Crazy-Quilt is the name of several characters in DC Comics.

Publication history
The Earth-Two Crazy Quilt first appeared in Boy Commandos #15 (March 1946) and was created by Jack Kirby.

The Paul Dekker version of Crazy Quilt first appeared in Blackhawks #180 and was created by artist Dick Dillon and an uncredited writer.

The unidentified female version of Crazy Quilt first appeared in Villains United #2 and was created by Gail Simone and Dale Eaglesham.

Fictional character biography

Earth-Two Crazy Quilt
Crazy Quilt is an unnamed noted painter who leads a double-life as a master criminal. He gives the plans for his crimes to various henchmen through clues left in his paintings. His criminal empire crashes to a halt when one of his henchmen double-crosses him. Blinded by a gunshot wound, he volunteers for an experimental procedure that restores his vision, but is left unable to see anything but bright colors. In his second published appearance, this is combined with a special helmet that emits bright colored lights, enabling him to see under most circumstances.

Paul Dekker
In a 1963 issue of Blackhawk taking place on Earth-One, a fence named Paul Dekker uses the name Crazy Quilt, but the title heroes capture him. As a result of this appearance, some resources report the original Crazy-Quilt's true identity as Dekker. This includes at least one comic, the Kevin Smith-penned Batman: The Widening Gyre #4. However, the earlier Batman Encyclopedia, another official source endorsed by DC Comics, states that Dekker is a separate character from the original Crazy Quilt.

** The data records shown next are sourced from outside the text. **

theorem lemma6:
  fixes q :: complex
    and scale :: "complex fls \<Rightarrow> 'v::ab_group_add \<Rightarrow> 'v"
    and xi :: "'v \<Rightarrow> 'v"
    and L P :: "'v set"
  assumes q_nz: "q \<noteq> 0"
    and q_not_root: "\<forall>n::nat. n > 0 \<longrightarrow> q ^ n \<noteq> 1"
    and V: "qdiff_module q scale xi"
    and L: "R_lattice scale L"
    and L_inv: "xi ` L \<subseteq> L"
    and P_sub: "zmul scale L \<subseteq> P" "P \<subseteq> L"
    and P_add: "\<forall>x\<in>P. \<forall>y\<in>P. x + y \<in> P"
    and P_scale: "\<forall>c. \<forall>x\<in>P. cscale scale c x \<in> P"
    and P_inv: "xi ` P \<subseteq> P"
    and nonres: "\<forall>\<alpha> (n::int). quot_eigenvalue scale xi L P \<alpha> \<and> n \<noteq> 0 \<longrightarrow>
                   \<not> quot_eigenvalue scale xi L L (q powi n * \<alpha>)"
  shows "\<exists>s :: 'v \<Rightarrow> 'v.
           (\<forall>x\<in>P. s x \<in> L) \<and>
           (\<forall>x\<in>P. x - s x \<in> zmul scale L) \<and>
           (\<forall>x\<in>P. \<forall>y\<in>P. x - y \<in> zmul scale L \<longrightarrow> s x = s y) \<and>
           (\<forall>x\<in>P. \<forall>y\<in>P. s (x + y) = s x + s y) \<and>
           (\<forall>c. \<forall>x\<in>P. s (cscale scale c x) = cscale scale c (s x)) \<and>
           (\<forall>x\<in>P. s (xi x) = xi (s x))"
proof -
  obtain G where G: "finite G" "L = {v. \<exists>r. v = (\<Sum>g\<in>G. scale (fps_to_fls (r g)) g)}"
    using L unfolding R_lattice_def by blast
  have "Vector_Spaces.vector_space scale"
    using V by (simp add: qdiff_module_def)
  then interpret qdiff_lattice scale G L q xi
    using V q_nz G L_inv
    by (intro qdiff_lattice.intro fg_lattice.intro fg_lattice_axioms.intro qdiff_lattice_axioms.intro)
      (auto simp: qdiff_module_def)
  have P: "C.subspace P"
    using P_add P_scale P_sub(1) C.subspace_0[OF C_subspace_zL]
    by (auto simp: C.subspace_def zmul_eq_zL)
  obtain f where f: "f \<noteq> 0" "\<forall>x\<in>P. poly_xi f x \<in> zL 1"
    "\<forall>a. poly f a = 0 \<longrightarrow> quot_eigenvalue scale xi L P a"
    using exists_poly_with_eigenvalue_roots[OF P P_inv P_sub(2)] by blast
  have "nonresonant a" if "poly f a = 0" for a
    using nonres f(3) that by (intro nonresonantI) auto
  then have "bij_betw (poly_xi f) (zL 1) (zL 1)"
    using bij_betw_poly_xi f(1) by blast
  then show ?thesis
    using equivariant_lifting_exists[OF P P_inv P_sub(2)] f(2) unfolding zmul_eq_zL by blast
qed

In the Post-Crisis, Paul Dekker's history is similar to the Earth-Two Crazy Quilt. Crazy Quilt's sight is restored briefly for a time after he kidnaps a surgeon to assist him. Batman and Robin intervene. In self-defense, Robin reflects the madman's light beams back into his newly restored eyes. Unintentionally, Quilt is permanently blinded. Obsessing over his young adversary, he becomes one of the few bat-villains to hate Robin more than his mentor.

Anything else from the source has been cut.